Want to be more positive? Give thanks!
The season is changing and colored leaves swirl around us pushed by a crisp, cool autumn air. The breeze carries with it the distinct smell of pumpkin spice lattes. Fall is a time of harvest and thanksgiving. And according to a new poll conducted by OnePoll for Motivosity, giving thanks and expressing gratitude may, indeed, be the secret to happiness.
A survey polled 2,000 Americans and showed that 65% of respondents who said they were “very happy” day-to-day also reported that they “always” give thanks. This study has huge implications for how we view ourselves, our spouses, and the workplace.
The researchers suggest that the correlation between happiness and expressing gratitude regularly is due to practicing techniques that promote a positive outlook on life.

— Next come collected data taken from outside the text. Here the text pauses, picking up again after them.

definition reflected_g :: "complex \<Rightarrow> complex" where
  "reflected_g w = (if w = 0 then 0 else cnj (g (joukowski (1 / cnj w))))"

lemma holomorphic_reflected_g: "reflected_g holomorphic_on ball 0 1"
proof -
  define D where "D = ball (0::complex) 1 - {0}"
  have "open (cnj ` outside \<Gamma>)"
    unfolding image_cnj_conv_vimage_cnj
    by (intro open_vimage open_outside compact_imp_closed compact_ellipse continuous_intros)
  then have "(cnj \<circ> g \<circ> cnj) holomorphic_on cnj ` outside \<Gamma>"
    by (intro holomorphic_on_compose_cnj_cnj) (simp_all add: image_image g_holomorphic)
  moreover have "(\<lambda>w. cnj (joukowski (1 / cnj w))) holomorphic_on D"
  proof -
    have "cnj (joukowski (1 / cnj w)) = cnj c + cnj (cis \<theta>) * (of_real A / w + of_real B * w)" for w
      by (simp add: joukowski_def)
    then show ?thesis
      unfolding D_def by (simp only:) (intro holomorphic_intros; simp)
  qed
  moreover have "cnj (joukowski (1 / cnj w)) \<in> cnj ` outside \<Gamma>" if "w \<in> D" for w
  proof -
    have "1 < cmod (1 / cnj w)"
      using that by (simp add: D_def norm_divide)
    then have "joukowski (1 / cnj w) \<in> outside \<Gamma>"
      using inner_radius_less_1 joukowski_mem_outside_iff by simp
    then show ?thesis
      by blast
  qed
  ultimately have "(\<lambda>w. cnj (g (joukowski (1 / cnj w)))) holomorphic_on D"
    using holomorphic_on_compose_gen[of "\<lambda>w. cnj (joukowski (1 / cnj w))" D "cnj \<circ> g \<circ> cnj"]
    by (auto simp: comp_def)
  moreover have "filterlim (\<lambda>w. 1 / cnj w) at_infinity (at (0::complex))"
    using filterlim_inverse_at_infinity[where 'a=complex]
    by (simp add: filterlim_at_infinity_conv_norm_at_top norm_divide norm_inverse inverse_eq_divide)
  then have "((\<lambda>w. cnj (g (joukowski (1 / cnj w)))) \<longlongrightarrow> 0) (at 0)"
    using filterlim_compose[OF g_tendsto_0 filterlim_compose[OF joukowski_tendsto_infinity]]
    by (metis complex_cnj_zero tendsto_cnj)
  ultimately show ?thesis
    unfolding reflected_g_def D_def by (intro removable_singularity) simp_all
qed

lemma f_joukowski_eq_reflected_g:
  assumes "inner_radius < cmod w" "cmod w \<le> 1"
  shows "f (joukowski w) = reflected_g w"
proof -
  define K where "K w = f (joukowski w) - cnj (g (joukowski (1 / cnj w)))" for w
  let ?U = "{w. inner_radius < cmod w \<and> cmod w < 1}"
  let ?U1 = "{w. inner_radius < cmod w \<and> cmod w \<le> 1}"
  have nonzero: "w \<noteq> 0" if "inner_radius < cmod w" for w
    using that inner_radius_nonneg by auto
  have "K holomorphic_on ?U"
  proof (rule holomorphic_transform)
    have "joukowski holomorphic_on ?U"
      unfolding joukowski_def using nonzero by (intro holomorphic_intros) auto
    moreover have "joukowski ` ?U \<subseteq> inside \<Gamma>"
      using joukowski_mem_inside_iff by auto
    ultimately have "(\<lambda>w. f (joukowski w)) holomorphic_on ?U"
      using holomorphic_on_compose_gen[OF _ f_holomorphic] by (simp add: comp_def)
    moreover have "reflected_g holomorphic_on ?U"
      by (rule holomorphic_on_subset[OF holomorphic_reflected_g]) auto
    ultimately show "(\<lambda>w. f (joukowski w) - reflected_g w) holomorphic_on ?U"
      by (intro holomorphic_intros)
    show "f (joukowski w) - reflected_g w = K w" if "w \<in> ?U" for w
      using that nonzero by (simp add: K_def reflected_g_def)
  qed
  moreover have "continuous_on ?U1 K"
  proof -
    have "continuous_on ?U1 joukowski"
      and "continuous_on ?U1 (\<lambda>w. joukowski (1 / cnj w))"
      unfolding joukowski_def using nonzero by (auto intro!: continuous_intros)
    moreover have "joukowski ` ?U1 \<subseteq> closure (inside \<Gamma>)"
      using joukowski_in_closure_inside by auto
    moreover have "(\<lambda>w. joukowski (1 / cnj w)) ` ?U1 \<subseteq> closure (outside \<Gamma>)"
      using nonzero by (auto intro!: joukowski_in_closure_outside simp: norm_divide)
    ultimately show ?thesis
      unfolding K_def
      by (intro continuous_intros continuous_on_compose2[OF f_continuous]
          continuous_on_compose2[OF g_continuous])
  qed
  moreover have "K w = 0" if "cmod w = 1" for w
  proof -
    have "w * cnj w = 1"
      using that complex_norm_square[of w] by simp
    then have "1 / cnj w = w"
      by (metis divide_eq_eq mult.commute mult_zero_right zero_neq_one)
    then show ?thesis
      using that inner_radius_less_1 by (simp add: K_def f_eq_cnj_g joukowski_mem_ellipse_iff)
  qed
  ultimately have "K w = 0"
    using holomorphic_annulus_vanishing_on_unit_circle[OF inner_radius_pos inner_radius_less_1] assms
    by blast
  then show ?thesis
    using assms nonzero by (simp add: K_def reflected_g_def)
qed

lemma reflected_g_eq_0:
  assumes "cmod w < 1"
  shows "reflected_g w = 0"
proof -
  let ?\<kappa> = "complex_of_real (B / A)"
  have invariant: "reflected_g (?\<kappa> / v) = reflected_g v"
    if "cmod ?\<kappa> < cmod v" "cmod v < 1" for v
  proof -
    have v: "inner_radius < cmod v"
      using that(1) by (simp only: norm_B_div_A_eq_inner_radius)
    then have "v \<noteq> 0"
      using inner_radius_nonneg by auto
    have "cmod (?\<kappa> / v) = inner_radius / cmod v"
      by (simp only: norm_divide norm_B_div_A_eq_inner_radius)
    moreover have "inner_radius * cmod v < inner_radius"
      using that inner_radius_pos by simp
    ultimately have "inner_radius < cmod (?\<kappa> / v)" "cmod (?\<kappa> / v) < 1"
      using v \<open>v \<noteq> 0\<close> by (simp_all add: less_divide_eq divide_less_eq)
    then have "reflected_g (?\<kappa> / v) = f (joukowski (?\<kappa> / v))"
      by (simp add: f_joukowski_eq_reflected_g)
    also have "\<dots> = f (joukowski v)"
      using joukowski_inversion[OF \<open>v \<noteq> 0\<close>] by (rule arg_cong)
    also have "\<dots> = reflected_g v"
      using that v by (simp add: f_joukowski_eq_reflected_g)
    finally show ?thesis .
  qed
  have "cmod ?\<kappa> < 1"
    using inner_radius_less_1 by (simp only: norm_B_div_A_eq_inner_radius)
  then have "reflected_g w = reflected_g 0"
    by (rule holomorphic_inversion_invariant_imp_constant[OF holomorphic_reflected_g _ invariant assms])
  then show ?thesis
    by (simp add: reflected_g_def)
qed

Logan Mallory, VP of Marketing at Motivosity, said that practicing gratitude “rewires their brain to look for positives instead of the negatives around them.”
Motivosity’s study is not the first to establish the link between happiness and gratitude. Last year, Dr. Robert A. Emmons at UC Davis and Dr. Michael E. McCullough at the University of Miami conducted a similar study where each participant was placed into one of three groups that were instructed to write a few sentences each week about either things they were grateful for, things that had irritated them, or events that had merely occurred. Unsurprisingly, the group that focused on positive aspects of their lives were more optimistic and exercised with more regularity than either of the other two groups.
Expressing gratitude can be difficult especially when facing hard times. With 8.5% year over year inflation, many Americans are experiencing a financial pinch that can leave them feeling bereft. However, researchers have also found that those who display gratitude towards their personal lives have the ability to spread happiness to others.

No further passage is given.